You don’t like my humor either? It makes you want to what? Well, if it’s that bad, how come you’ve read so much? Oh. Well, how was I to know you would open the book at this very page? I was going to produce a book you couldn’t put down but I couldn’t figure out how to stop the superglue from setting until the critical moment.

It’s a gift. Some people turn heads, I turn stomachs. Stomachs are important, too. Being a stomach specialist (I could market myself as the kingdom’s gastroenterologist) need not automatically disqualify my writing. I could still be in business if all humanity despised my writings. I know of at least one person soundly converted by a song he loathed.

You needn’t concern yourself with such extremes, however. We are often so over-awed by God’s moral standards that we overlook other aspects of his nature. Our Lord is Creator as well as Savior, and the Maker of rainbows and nightingales didn’t suddenly lose his creative urge at the close of Day Six. God’s creativity is inexhaustible. And you were made for him. He longs to express his creativity through you. As an instrument and musician together make beautiful music, you and your Lord can unite to create exquisite beauty. What you can do together defies imagination. You make an awesome team.

Yield to Christ, like a brush to the artist, and from your life will flow unearthly beauty.

Disclaimer

I don’t like to brag, but I have a certain air about me – especially after eating garlic.

Check out a few possibilities before assuming the cause of unpopularity is divine.

The arm-chair army

Those who share the fragrance of Christ with a putrid world may receive much flak from Christians. It is such a difficult task in the front line that many of us desert our posts and become self-appointed critics of those who remain at the front.

Methods that most effectively win new converts will seldom woo long-established Christians. Their needs and tastes are a world apart. So an effective evangelist will probably incur the displeasure of those Christians who want to be the center of attention.

When the critics start, determining who is right can be difficult. Christians with the greatest enthusiasm are often the least experienced. The ones best equipped for evangelism are sometimes those who have succumbed to pressure and abdicated their responsibility.

Your critics might know more than you do. Their advice could be from God. So it demands prayerful consideration.

When Rev. Oldschool gives us a hard time, it’s tempting to stray to greener pastors. We must be cautious. If we cannot find Christians as mature and experienced as our critics who fully support our actions, we are probably the ones who are wrong. (Proverbs 9:8-9; 10:17; 12:1; 13:18; 27:5)

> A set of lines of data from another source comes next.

(* Each greedily chosen vertex of [A] covers more than \<tau> new vertices of N(A) - F. *)
lemma clos_cover:
  assumes "A \<subseteq> X" "0 \<le> \<tau>"
  shows "\<exists>T\<subseteq>clos X adj A. real (card T) * \<tau> \<le> real (card (NS adj A - F)) \<and>
    (\<forall>x\<in>clos X adj A. real (deg adj x) - \<tau> \<le> real (degin adj (F \<union> NS adj T) x))"
proof -
  let ?Q = "NS adj A - F"
  have "finite ?Q" using assms(1) finite_X by (auto intro: finite_NS finite_subset)
  then obtain T where T: "T \<subseteq> clos X adj A"
      "real (card T) * \<tau> \<le> real (card ?Q) - real (card (?Q - NS adj T))"
      "\<forall>x\<in>clos X adj A. real (card (nbhd adj x \<inter> (?Q - NS adj T))) \<le> \<tau>"
    using greedy_cover[OF _ assms(2), of ?Q "clos X adj A" "nbhd adj"] by (auto simp: NS_def)
  have "real (deg adj x) - \<tau> \<le> real (degin adj (F \<union> NS adj T) x)" if x: "x \<in> clos X adj A" for x
  proof -
    have "nbhd adj x - (F \<union> NS adj T) = nbhd adj x \<inter> (?Q - NS adj T)"
      using x by (auto simp: clos_def)
    then show ?thesis
      using T(3) x deg_eq_degin_plus_card_Diff[of x "F \<union> NS adj T"] by force
  qed
  with T show ?thesis by (intro exI[of _ T]) auto
qed

end

section \<open>The edges leaving the closure\<close>

locale container_setting =
  fixes X Y :: "'v set" and adj :: "'v \<Rightarrow> 'v \<Rightarrow> bool"
    and \<delta> \<gamma> \<phi> :: real and dX dY a g :: nat and F' :: "'v set"
  assumes biregular: "approx_biregular X Y adj \<delta> dX dY"
    and \<delta>_ge_1: "1 \<le> \<delta>" and \<gamma>_ge_2: "2 \<le> \<gamma>" and dY_ge: "2 * \<gamma> \<le> real dY"
    and a_less_g: "a < g" and \<phi>_le: "\<phi> \<le> real dY / \<delta> - 1" and F'_subset_Y: "F' \<subseteq> Y"
begin

sublocale bipartite_graph X Y adj
  using biregular by unfold_locales (simp add: approx_biregular_def)

lemma dY_le_dX: "dY \<le> dX"
  using biregular by (simp add: approx_biregular_def)

lemma deg_X: "v \<in> X \<Longrightarrow> real dX \<le> real (deg adj v) \<and> real (deg adj v) \<le> \<delta> * real dX"
  and deg_Y: "v \<in> Y \<Longrightarrow> real dY / \<delta> \<le> real (deg adj v) \<and> real (deg adj v) \<le> real dY"
  using biregular by (auto simp: approx_biregular_def)

lemma \<gamma>_pos: "0 < \<gamma>" and dY_pos: "0 < real dY" and dX_pos: "0 < real dX"
  and dX_ge: "2 * \<gamma> \<le> real dX"
  using \<gamma>_ge_2 dY_ge dY_le_dX by linarith+

lemma dY_minus_\<delta>\<phi>_pos: "0 < real dY - \<delta> * \<phi>"
proof -
  have "\<delta> * \<phi> \<le> \<delta> * (real dY / \<delta> - 1)" using \<phi>_le \<delta>_ge_1 by (simp add: mult_left_mono)
  also have "\<dots> = real dY - \<delta>" using \<delta>_ge_1 by (simp add: field_simps)
  finally show ?thesis using \<delta>_ge_1 by linarith
qed

definition "t = real g - real a"
definition "w = real g * real dY - real a * real dX"
definition "GF = GsetF X adj \<phi> a g F'"

lemma t_pos: "0 < t"
  using a_less_g by (simp add: t_def)

lemma GF_D:
  assumes "A \<in> GF"
  shows "A \<subseteq> X" "card (NS adj A) = g" "card (clos X adj A) = a" "phi_approx X adj \<phi> F' A"
  using assms by (auto simp: GF_def GsetF_def Gset_def)

lemma finite_NS_GF: "A \<in> GF \<Longrightarrow> finite (NS adj A)"
  using GF_D(1) finite_X finite_NS finite_subset by blast

lemma F'_subset_NS_GF: "A \<in> GF \<Longrightarrow> F' \<subseteq> NS adj A"
  and clos_subset_NS_F': "A \<in> GF \<Longrightarrow> clos X adj A \<subseteq> NS adj F'"
  using GF_D(4) by (auto simp: phi_approx_def)

lemma degin_clos_le_\<phi>:
  assumes "A \<in> GF" "y \<in> NS adj A - F'"
  shows "real (degin adj (clos X adj A) y) \<le> \<phi>"
  using GF_D(4)[OF assms(1)] assms(2) by (force simp: phi_approx_def Nphi_def)

definition "deficit A = (\<Sum>y\<in>NS adj A. degin adj (X - clos X adj A) y)"

lemma deficit_le_w:
  assumes "A \<in> GF"
  shows "real (deficit A) \<le> w"
proof -
  let ?G = "NS adj A" and ?H = "clos X adj A"
  have fin: "finite ?G" "finite ?H"
    using finite_NS_GF[OF assms] finite_X by (auto simp: clos_def)
  have GY: "?G \<subseteq> Y" using NS_subset_Y[OF GF_D(1)[OF assms]] .
  have "(\<Sum>y\<in>?G. deg adj y) = (\<Sum>y\<in>?G. degin adj ?H y) + deficit A"
    unfolding deficit_def sum.distrib[symmetric]
    using GY by (intro sum.cong) (auto intro: deg_eq_degin_plus_degin_compl)
  moreover have "(\<Sum>y\<in>?G. degin adj ?H y) = (\<Sum>x\<in>?H. degin adj ?G x)"
    by (rule sum_degin_swap[OF fin adj_sym])
  moreover have "(\<Sum>x\<in>?H. degin adj ?G x) = (\<Sum>x\<in>?H. deg adj x)"
    by (intro sum.cong) (auto simp: clos_def degin_def deg_def Int_absorb2)
  moreover have "(\<Sum>y\<in>?G. real (deg adj y)) \<le> real g * real dY"
    using sum_mono[of ?G "\<lambda>y. real (deg adj y)" "\<lambda>_. real dY"] GY deg_Y GF_D(2)[OF assms] by auto
  moreover have "real a * real dX \<le> (\<Sum>x\<in>?H. real (deg adj x))"
    using sum_mono[of ?H "\<lambda>_. real dX" "\<lambda>x. real (deg adj x)"] deg_X GF_D(3)[OF assms]
    by (auto simp: clos_def)
  ultimately show ?thesis
    unfolding w_def by (simp flip: of_nat_sum)
qed

lemma card_NS_Diff_F'_le:
  assumes "A \<in> GF"
  shows "real (card (NS adj A - F')) * (real dY - \<delta> * \<phi>) \<le> \<delta> * w"
proof -
  let ?G = "NS adj A" and ?H = "clos X adj A"
  have "real (card (?G - F')) * (real dY / \<delta> - \<phi>) = (\<Sum>y\<in>?G - F'. real dY / \<delta> - \<phi>)"
    by simp
  also have "\<dots> \<le> (\<Sum>y\<in>?G - F'. real (degin adj (X - ?H) y))"
  proof (rule sum_mono)
    fix y assume y: "y \<in> ?G - F'"
    then have "y \<in> Y" using NS_subset_Y[OF GF_D(1)[OF assms]] by auto
    then show "real dY / \<delta> - \<phi> \<le> real (degin adj (X - ?H) y)"
      using deg_eq_degin_plus_degin_compl[of y ?H] deg_Y degin_clos_le_\<phi>[OF assms y] by force
  qed
  also have "\<dots> \<le> real (deficit A)"
    unfolding deficit_def of_nat_sum by (rule sum_mono2) (use finite_NS_GF[OF assms] in auto)
  also have "\<dots> \<le> w" using deficit_le_w[OF assms] .
  finally have le_w: "real (card (?G - F')) * (real dY / \<delta> - \<phi>) \<le> w" .
  have "real (card (?G - F')) * (real dY - \<delta> * \<phi>)
      = \<delta> * (real (card (?G - F')) * (real dY / \<delta> - \<phi>))"
    using \<delta>_ge_1 by (simp add: field_simps)
  also have "\<dots> \<le> \<delta> * w" using le_w \<delta>_ge_1 by (intro mult_left_mono) auto
  finally show ?thesis .
qed

section \<open>Encoding sets by codes\<close>

definition "F0 T0 = F' \<union> NS adj T0"
definition "S0 T0 = {u\<in>X. real (deg adj u) - real dX / \<gamma> \<le> real (degin adj (F0 T0) u)}"
definition "S1 T0 W = S0 T0 - NS adj W"
definition "F1 T0 W = F0 T0 \<union> {y\<in>Y. real dY / \<gamma> < real (degin adj (S1 T0 W) y)}"
definition "F_code T0 W Ts = F1 T0 W \<union> NS adj (\<Union>(set Ts))"
definition "S_code T0 W Ts = {u\<in>S1 T0 W.
    real (deg adj u) - real dX / (2 ^ length Ts * \<gamma>) \<le> real (degin adj (F_code T0 W Ts) u)}"
definition "pair_of c = (case c of (T0, W, Ts) \<Rightarrow> (F_code T0 W Ts, S_code T0 W Ts))"

definition "N1 = NS adj F'"
definition "N4 = NS adj (NS adj (NS adj N1))"
definition "size_T0 = \<delta> * \<gamma> * w / ((real dY - \<delta> * \<phi>) * real dX)"
definition "size_W = 2 * \<gamma> * w / (real dX * real dY)"
definition "size_T = 2 * \<gamma> * t / real dX"

definition "codes i = subsets_le N1 size_T0 \<times> subsets_le N4 size_W \<times>
    {Ts. set Ts \<subseteq> subsets_le N1 size_T \<and> length Ts = i}"

definition "good_code i A c \<longleftrightarrow> c \<in> codes i \<and> (case c of (T0, W, Ts) \<Rightarrow>
    F_code T0 W Ts \<subseteq> NS adj A \<and> clos X adj A \<subseteq> S1 T0 W \<and>
    (\<forall>x\<in>clos X adj A. real (deg adj x) - real dX / (2 ^ i * \<gamma>) \<le> real (degin adj (F_code T0 W Ts) x)))"

lemma degin_compl_S_code:
  assumes "v \<in> Y - F_code T0 W Ts"
  shows "real (deg adj v) - real dY / \<gamma> \<le> real (degin adj (X - S_code T0 W Ts) v)"
proof -
  have "real (degin adj (S1 T0 W) v) \<le> real dY / \<gamma>"
    using assms by (auto simp: F_code_def F1_def)
  moreover have "degin adj (S_code T0 W Ts) v \<le> degin adj (S1 T0 W) v"
    by (rule degin_mono) (auto simp: S_code_def)
  ultimately show ?thesis
    using assms deg_eq_degin_plus_degin_compl[of v "S_code T0 W Ts"] by auto
qed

Nevertheless, Scripture narrates the tragic consequences of a man of God who mindlessly followed what an old prophet claimed was divine guidance. (1 Kings 13:11-24) Though we should humbly respect our elders in the faith, we each have a personal responsibility to seek God on matters related to ministry and guidance.

If the Lord clearly indicates our critics’ opinion is not from him, we must reject it, though without rejecting the critics themselves or spurning their advice on other matters.

So love and respect your knockers, but don’t let them stunt a God-given ministry.